Evaluation of autolysis was performed using the Triton X-100-induced autolysis assay. Cells were grown to an OD600 of 1, washed twice with PBS buffer, and resuspended in PBS buffer containing 0.05 % Triton X-100. Cell suspensions were incubated at 37 °C and autolytic activity was measured by monitoring the OD600 every hour using Tecan Infinite 200 Pro microplate reader.

Cell wall thickness

Cell wall thickness was measured using transmission electron microscopy (TEM). Cells were grown in CA-MHB at 37 °C overnight, diluted to an OD600 of 0.05, and allowed to grow until an OD600 of 0.5. Cell suspensions were harvested for 3 min at 10,000 r.p.m. at room temperature. Cell pellets were fixed with 2% glutaraldehyde in 0.10 M cacodylate buffer and further postfixed in 1% OsO4 in 0.1 M cacodylate buffer for 1 h on ice. The cells were stained all at once with 2% uranyl acetate for 1 h on ice, following which they were dehydrated in graded series of ethanol (50–100%) while remaining on ice. The cells were then subjected to 1 wash with 100% ethanol and 2 washes with acetone (10 min each) and embedded with Durcupan. Sections were cut at 60 nm on a Leica UCT ultramicrotome, and picked up on 300 mesh copper grids. Sections were post-stained with 2% uranyl acetate for 5 min and Sato’s lead stain for 1 min. EM images were taken on Jeol 1400 plus TEM with Gatan Digital camera 4kX4k camera. Image quantification was performed using ImageJ version 2.1.0/1.53c. Five intact cells were randomly selected for cell thickness measurements.

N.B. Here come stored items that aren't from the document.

(* the induced probability measure P^\<sigma>_q[G,-] on infinite state sequences:
   the (unique) probability measure on the stream sigma-algebra with the above
   cylinder probabilities *)
definition run_measure :: "('q \<Rightarrow> 'a \<Rightarrow> 'q pmf) \<Rightarrow> ('q,'a) strat \<Rightarrow> 'q \<Rightarrow> 'q stream measure" where
  "run_measure \<delta> \<sigma> q =
     (THE M. sets M = sets (stream_space (count_space UNIV)) \<and> prob_space M \<and>
        (\<forall>xs. emeasure M (sstart UNIV xs) = ennreal (cyl_prob \<delta> \<sigma> q xs)))"

definition Pr :: "('q \<Rightarrow> 'a \<Rightarrow> 'q pmf) \<Rightarrow> ('q,'a) strat \<Rightarrow> 'q \<Rightarrow> 'q stream set \<Rightarrow> real" where
  "Pr \<delta> \<sigma> q W = measure (run_measure \<delta> \<sigma> q) W"

definition parity :: "('q::finite \<Rightarrow> nat) \<Rightarrow> 'q stream set" where
  "parity f = {\<omega>. even (Max (f ` {x. \<exists>\<^sub>\<infinity>n. \<omega> !! n = x}))}"

(* MEMDP: \<Gamma> :: 'e \<Rightarrow> 'q \<Rightarrow> 'a \<Rightarrow> 'q pmf, environment type 'e finite (non-empty) *)
definition val_uni :: "('e::finite \<Rightarrow> 'q \<Rightarrow> 'a \<Rightarrow> 'q pmf) \<Rightarrow> 'q \<Rightarrow> 'q stream set \<Rightarrow> real" where
  "val_uni \<Gamma> q W = (SUP \<sigma>. Min ((\<lambda>e. Pr (\<Gamma> e) \<sigma> q W) ` UNIV))"

definition val_pr :: "('e::finite \<Rightarrow> 'q \<Rightarrow> 'a \<Rightarrow> 'q pmf) \<Rightarrow> 'q \<Rightarrow> 'e pmf \<Rightarrow> 'q stream set \<Rightarrow> real" where
  "val_pr \<Gamma> q b W = (SUP \<sigma>. \<Sum>e\<in>UNIV. pmf b e * Pr (\<Gamma> e) \<sigma> q W)"

end

theory Submission
  imports Defs
begin

(* Let x\<sigma> be the vector of winning probabilities (P\<^sup>\<sigma>\<^sub>q[\<Gamma>[e], W]) indexed by e.  The uniform value is
   sup_\<sigma> min_e x\<sigma>(e) and the right-hand side is inf_b sup_\<sigma> \<Sum>_e b(e) x\<sigma>(e), so the claim is a
   minimax theorem for the set of vectors x\<sigma>.  This set is convex: a p-biased coin flip between
   \<sigma>\<^sub>1 and \<sigma>\<^sub>2 is simulated by one strategy that, after every history, follows \<sigma>\<^sub>1 with the
   posterior probability that \<sigma>\<^sub>1 was drawn; its run measure agrees on all cylinders, hence
   everywhere, with the p-mixture of the two run measures.  Weak duality is immediate.  For the
   converse, a hyperplane separating the vectors x\<sigma> from the open orthant above the uniform
   value v has a nonnegative normal, and the normalised normal is a belief b with
   sup_\<sigma> \<Sum>_e b(e) x\<sigma>(e) \<le> v. *)

section \<open>A finite-dimensional minimax theorem\<close>

lemma sum_pmf_UNIV [simp]: "(\<Sum>e\<in>UNIV. pmf b e) = (1::real)" for b :: "'e::finite pmf"
  by (rule sum_pmf_eq_1) auto

lemma Min_le_pmf_weighted_sum:
  fixes x :: "'e::finite \<Rightarrow> real"
  shows "Min (range x) \<le> (\<Sum>e\<in>UNIV. pmf b e * x e)"
proof -
  have "Min (range x) = (\<Sum>e\<in>UNIV. pmf b e * Min (range x))"
    by (simp flip: sum_distrib_right)
  also have "\<dots> \<le> (\<Sum>e\<in>UNIV. pmf b e * x e)"
    by (intro sum_mono mult_left_mono) auto
  finally show ?thesis .
qed

lemma pmf_weighted_sum_le_Max:
  fixes x :: "'e::finite \<Rightarrow> real"
  shows "(\<Sum>e\<in>UNIV. pmf b e * x e) \<le> Max (range x)"
proof -
  have "(\<Sum>e\<in>UNIV. pmf b e * x e) \<le> (\<Sum>e\<in>UNIV. pmf b e * Max (range x))"
    by (intro sum_mono mult_left_mono) auto
  also have "\<dots> = Max (range x)"
    by (simp flip: sum_distrib_right)
  finally show ?thesis .
qed

lemma obtain_pmf_proportional:
  fixes w :: "'e::finite \<Rightarrow> real"
  assumes nonneg: "\<And>e. 0 \<le> w e" and pos: "0 < sum w UNIV"
  obtains b where "\<And>e. pmf b e = w e / sum w UNIV"
proof
  fix e
  show "pmf (embed_pmf (\<lambda>e. w e / sum w UNIV)) e = w e / sum w UNIV"
  proof (rule pmf_embed_pmf)
    have "(\<integral>\<^sup>+ e. ennreal (w e / sum w UNIV) \<partial>count_space UNIV) = ennreal (\<Sum>e\<in>UNIV. w e / sum w UNIV)"
      using nonneg pos by (simp add: nn_integral_count_space_finite sum_ennreal)
    then show "(\<integral>\<^sup>+ e. ennreal (w e / sum w UNIV) \<partial>count_space UNIV) = 1"
      using pos by (simp flip: sum_divide_distrib)
  qed (use nonneg pos in simp)
qed

context
  fixes a :: "real^'e::finite" and c v :: real
  assumes inner_ge_on_orthant: "\<And>x. (\<forall>e. v < x $ e) \<Longrightarrow> c \<le> a \<bullet> x"
begin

Statistics and reproducibility

For statistical and reproducibility evaluation purposes, sample sizes were determined so that there would be 3 or more biological replicates for evolution experiments and according to the robotic capabilities per experiment, with a total of 12 different evolutions being performed per media type. For all other determinations, a minimum of triplicate samples were used in determination of biological measurements. Hyper mutators, i.e., lineages that have mutated genes within the mutagenesis repair systems, were excluded from biological determinations due to the possibility of higher-level impacts of such mutations. For minimal inhibitory concentration determinations experiments were performed in biological triplicates. Comparison of growth parameters was done using Anova to test the null hypothesis that there is no difference in lag phase duration between pre-evolved strains and vancomycin adapted strains. Evolution experiments to evaluate resistance phenotype stability and RNAseq experiments were performed in biological duplicates, while hemolysin production, surface charge, and autolysis were evaluated using biological triplicates. Statistical analysis of surface charge was performed using Student’s t-test.

Reporting summary

Further information on research design is available in the Nature Research Reporting Summary linked to this article.